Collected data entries
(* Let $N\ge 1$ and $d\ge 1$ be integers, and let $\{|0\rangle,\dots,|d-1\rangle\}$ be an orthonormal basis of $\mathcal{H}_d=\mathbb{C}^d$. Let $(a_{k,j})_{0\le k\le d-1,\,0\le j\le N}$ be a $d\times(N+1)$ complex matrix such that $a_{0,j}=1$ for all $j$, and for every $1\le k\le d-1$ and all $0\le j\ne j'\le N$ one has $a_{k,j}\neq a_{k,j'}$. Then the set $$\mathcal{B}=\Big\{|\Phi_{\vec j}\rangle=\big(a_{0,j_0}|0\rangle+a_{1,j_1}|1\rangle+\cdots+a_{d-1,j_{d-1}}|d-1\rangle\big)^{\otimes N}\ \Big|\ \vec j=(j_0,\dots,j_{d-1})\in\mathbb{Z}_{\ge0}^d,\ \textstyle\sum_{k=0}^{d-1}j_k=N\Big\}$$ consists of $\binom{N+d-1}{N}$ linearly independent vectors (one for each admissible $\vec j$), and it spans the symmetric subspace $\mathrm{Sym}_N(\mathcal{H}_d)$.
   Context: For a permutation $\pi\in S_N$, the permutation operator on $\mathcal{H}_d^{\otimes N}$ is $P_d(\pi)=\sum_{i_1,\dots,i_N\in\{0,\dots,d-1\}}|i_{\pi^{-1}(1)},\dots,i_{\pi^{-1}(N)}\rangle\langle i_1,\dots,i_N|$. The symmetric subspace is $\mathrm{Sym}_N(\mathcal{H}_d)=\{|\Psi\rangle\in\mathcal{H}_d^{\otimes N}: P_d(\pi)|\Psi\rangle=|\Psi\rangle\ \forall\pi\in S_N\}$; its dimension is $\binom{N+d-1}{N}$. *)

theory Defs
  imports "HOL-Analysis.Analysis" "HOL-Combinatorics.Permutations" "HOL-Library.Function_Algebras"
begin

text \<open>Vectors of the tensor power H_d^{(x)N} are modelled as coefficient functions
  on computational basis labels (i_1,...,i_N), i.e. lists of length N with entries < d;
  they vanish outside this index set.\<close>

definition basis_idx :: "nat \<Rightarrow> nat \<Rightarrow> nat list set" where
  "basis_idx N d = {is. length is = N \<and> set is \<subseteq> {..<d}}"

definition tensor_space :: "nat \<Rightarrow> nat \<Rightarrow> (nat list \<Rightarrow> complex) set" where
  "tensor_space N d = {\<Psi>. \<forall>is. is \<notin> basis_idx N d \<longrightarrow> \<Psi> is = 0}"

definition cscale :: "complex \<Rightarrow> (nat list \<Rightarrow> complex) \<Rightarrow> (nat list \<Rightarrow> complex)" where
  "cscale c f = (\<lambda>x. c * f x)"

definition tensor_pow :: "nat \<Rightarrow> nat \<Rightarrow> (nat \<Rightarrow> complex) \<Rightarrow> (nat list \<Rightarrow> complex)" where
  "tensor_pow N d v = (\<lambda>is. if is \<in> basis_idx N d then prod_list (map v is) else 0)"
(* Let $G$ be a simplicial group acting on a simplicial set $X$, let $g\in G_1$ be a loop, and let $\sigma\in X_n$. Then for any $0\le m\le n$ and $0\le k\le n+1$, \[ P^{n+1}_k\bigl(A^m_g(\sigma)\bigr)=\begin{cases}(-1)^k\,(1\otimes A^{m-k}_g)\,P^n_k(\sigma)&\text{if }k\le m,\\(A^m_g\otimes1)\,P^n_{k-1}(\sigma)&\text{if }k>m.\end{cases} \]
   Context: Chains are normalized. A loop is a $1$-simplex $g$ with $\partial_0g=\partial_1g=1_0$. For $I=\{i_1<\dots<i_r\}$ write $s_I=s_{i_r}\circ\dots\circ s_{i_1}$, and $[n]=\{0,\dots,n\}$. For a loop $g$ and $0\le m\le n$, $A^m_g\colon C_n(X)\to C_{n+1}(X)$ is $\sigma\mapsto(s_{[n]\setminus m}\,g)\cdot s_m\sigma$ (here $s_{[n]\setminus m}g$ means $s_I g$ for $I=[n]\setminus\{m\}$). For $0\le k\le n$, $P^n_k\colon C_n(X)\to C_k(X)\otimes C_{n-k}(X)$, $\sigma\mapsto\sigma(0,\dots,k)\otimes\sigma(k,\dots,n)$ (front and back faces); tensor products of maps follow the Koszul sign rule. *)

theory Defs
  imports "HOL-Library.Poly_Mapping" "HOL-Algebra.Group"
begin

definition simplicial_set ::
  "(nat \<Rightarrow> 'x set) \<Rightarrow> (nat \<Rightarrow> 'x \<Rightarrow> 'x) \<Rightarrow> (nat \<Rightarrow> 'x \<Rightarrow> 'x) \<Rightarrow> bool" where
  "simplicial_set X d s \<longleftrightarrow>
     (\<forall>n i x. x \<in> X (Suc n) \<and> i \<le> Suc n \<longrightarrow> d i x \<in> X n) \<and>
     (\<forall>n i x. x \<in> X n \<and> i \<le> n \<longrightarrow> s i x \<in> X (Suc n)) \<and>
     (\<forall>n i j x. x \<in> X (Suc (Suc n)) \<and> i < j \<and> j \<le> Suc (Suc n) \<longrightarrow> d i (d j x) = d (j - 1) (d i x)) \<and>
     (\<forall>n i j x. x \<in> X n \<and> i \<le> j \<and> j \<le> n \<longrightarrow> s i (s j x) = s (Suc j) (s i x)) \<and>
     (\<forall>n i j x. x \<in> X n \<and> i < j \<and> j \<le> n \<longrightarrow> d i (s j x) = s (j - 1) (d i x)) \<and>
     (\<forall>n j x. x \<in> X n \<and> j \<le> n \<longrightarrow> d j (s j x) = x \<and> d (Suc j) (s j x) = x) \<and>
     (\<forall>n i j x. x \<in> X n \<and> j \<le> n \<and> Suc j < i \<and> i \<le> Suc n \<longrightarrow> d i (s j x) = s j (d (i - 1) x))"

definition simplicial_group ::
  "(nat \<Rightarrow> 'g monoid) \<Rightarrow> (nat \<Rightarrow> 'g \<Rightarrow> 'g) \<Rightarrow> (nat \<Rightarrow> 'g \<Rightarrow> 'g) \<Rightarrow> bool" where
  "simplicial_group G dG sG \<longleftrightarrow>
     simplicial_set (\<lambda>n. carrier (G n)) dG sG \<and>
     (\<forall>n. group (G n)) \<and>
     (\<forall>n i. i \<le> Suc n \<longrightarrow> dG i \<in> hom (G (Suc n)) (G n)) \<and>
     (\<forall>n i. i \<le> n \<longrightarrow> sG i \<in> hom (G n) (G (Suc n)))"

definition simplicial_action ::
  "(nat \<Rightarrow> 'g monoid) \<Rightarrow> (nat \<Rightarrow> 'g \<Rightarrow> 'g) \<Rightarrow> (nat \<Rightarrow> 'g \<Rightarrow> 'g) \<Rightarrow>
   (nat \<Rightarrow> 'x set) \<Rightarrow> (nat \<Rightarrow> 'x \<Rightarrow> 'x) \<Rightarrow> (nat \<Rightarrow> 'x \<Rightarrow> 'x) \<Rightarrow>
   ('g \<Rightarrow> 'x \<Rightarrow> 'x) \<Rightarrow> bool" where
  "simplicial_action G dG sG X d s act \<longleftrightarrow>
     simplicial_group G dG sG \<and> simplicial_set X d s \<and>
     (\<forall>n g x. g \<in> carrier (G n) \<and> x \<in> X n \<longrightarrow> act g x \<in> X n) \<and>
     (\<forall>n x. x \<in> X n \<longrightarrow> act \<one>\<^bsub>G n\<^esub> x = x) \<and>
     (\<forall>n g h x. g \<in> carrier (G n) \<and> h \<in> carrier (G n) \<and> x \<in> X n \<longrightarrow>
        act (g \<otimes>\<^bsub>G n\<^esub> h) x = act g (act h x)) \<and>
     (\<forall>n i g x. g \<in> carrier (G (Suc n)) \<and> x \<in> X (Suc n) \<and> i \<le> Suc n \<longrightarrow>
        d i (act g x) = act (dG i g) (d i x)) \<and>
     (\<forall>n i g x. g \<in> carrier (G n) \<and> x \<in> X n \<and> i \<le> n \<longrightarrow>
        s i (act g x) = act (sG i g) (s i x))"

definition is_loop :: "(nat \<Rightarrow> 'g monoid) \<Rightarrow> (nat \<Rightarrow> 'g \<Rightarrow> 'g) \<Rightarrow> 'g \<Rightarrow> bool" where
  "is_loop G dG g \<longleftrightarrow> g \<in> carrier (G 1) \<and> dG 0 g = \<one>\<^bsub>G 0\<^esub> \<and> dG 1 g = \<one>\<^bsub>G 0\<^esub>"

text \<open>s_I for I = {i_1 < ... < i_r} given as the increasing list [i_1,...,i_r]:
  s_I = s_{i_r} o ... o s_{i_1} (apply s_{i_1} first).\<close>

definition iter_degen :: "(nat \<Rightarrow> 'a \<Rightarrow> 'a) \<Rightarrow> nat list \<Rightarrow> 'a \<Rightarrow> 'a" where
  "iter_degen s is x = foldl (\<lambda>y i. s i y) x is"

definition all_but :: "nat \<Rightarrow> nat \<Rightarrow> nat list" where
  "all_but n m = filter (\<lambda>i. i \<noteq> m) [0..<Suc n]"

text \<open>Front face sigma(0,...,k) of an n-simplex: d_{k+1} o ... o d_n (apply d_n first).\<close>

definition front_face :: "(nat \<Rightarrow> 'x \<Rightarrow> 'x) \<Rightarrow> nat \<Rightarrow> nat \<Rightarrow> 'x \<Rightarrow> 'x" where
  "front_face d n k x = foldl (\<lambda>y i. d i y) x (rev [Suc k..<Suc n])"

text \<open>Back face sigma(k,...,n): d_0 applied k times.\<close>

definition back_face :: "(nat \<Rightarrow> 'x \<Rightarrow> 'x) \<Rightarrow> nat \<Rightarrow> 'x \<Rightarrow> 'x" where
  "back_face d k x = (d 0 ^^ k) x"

**Work task**.
Using the records given above, list every line that includes the word "sigma".

**Response box**.
(* Let $G$ be a simplicial group acting on a simplicial set $X$, let $g\in G_1$ be a loop, and let $\sigma\in X_n$. Then for any $0\le m\le n$ and $0\le k\le n+1$, \[ P^{n+1}_k\bigl(A^m_g(\sigma)\bigr)=\begin{cases}(-1)^k\,(1\otimes A^{m-k}_g)\,P^n_k(\sigma)&\text{if }k\le m,\\(A^m_g\otimes1)\,P^n_{k-1}(\sigma)&\text{if }k>m.\end{cases} \]
   Context: Chains are normalized. A loop is a $1$-simplex $g$ with $\partial_0g=\partial_1g=1_0$. For $I=\{i_1<\dots<i_r\}$ write $s_I=s_{i_r}\circ\dots\circ s_{i_1}$, and $[n]=\{0,\dots,n\}$. For a loop $g$ and $0\le m\le n$, $A^m_g\colon C_n(X)\to C_{n+1}(X)$ is $\sigma\mapsto(s_{[n]\setminus m}\,g)\cdot s_m\sigma$ (here $s_{[n]\setminus m}g$ means $s_I g$ for $I=[n]\setminus\{m\}$). For $0\le k\le n$, $P^n_k\colon C_n(X)\to C_k(X)\otimes C_{n-k}(X)$, $\sigma\mapsto\sigma(0,\dots,k)\otimes\sigma(k,\dots,n)$ (front and back faces); tensor products of maps follow the Koszul sign rule. *)
text \<open>Front face sigma(0,...,k) of an n-simplex: d_{k+1} o ... o d_n (apply d_n first).\<close>
text \<open>Back face sigma(k,...,n): d_0 applied k times.\<close>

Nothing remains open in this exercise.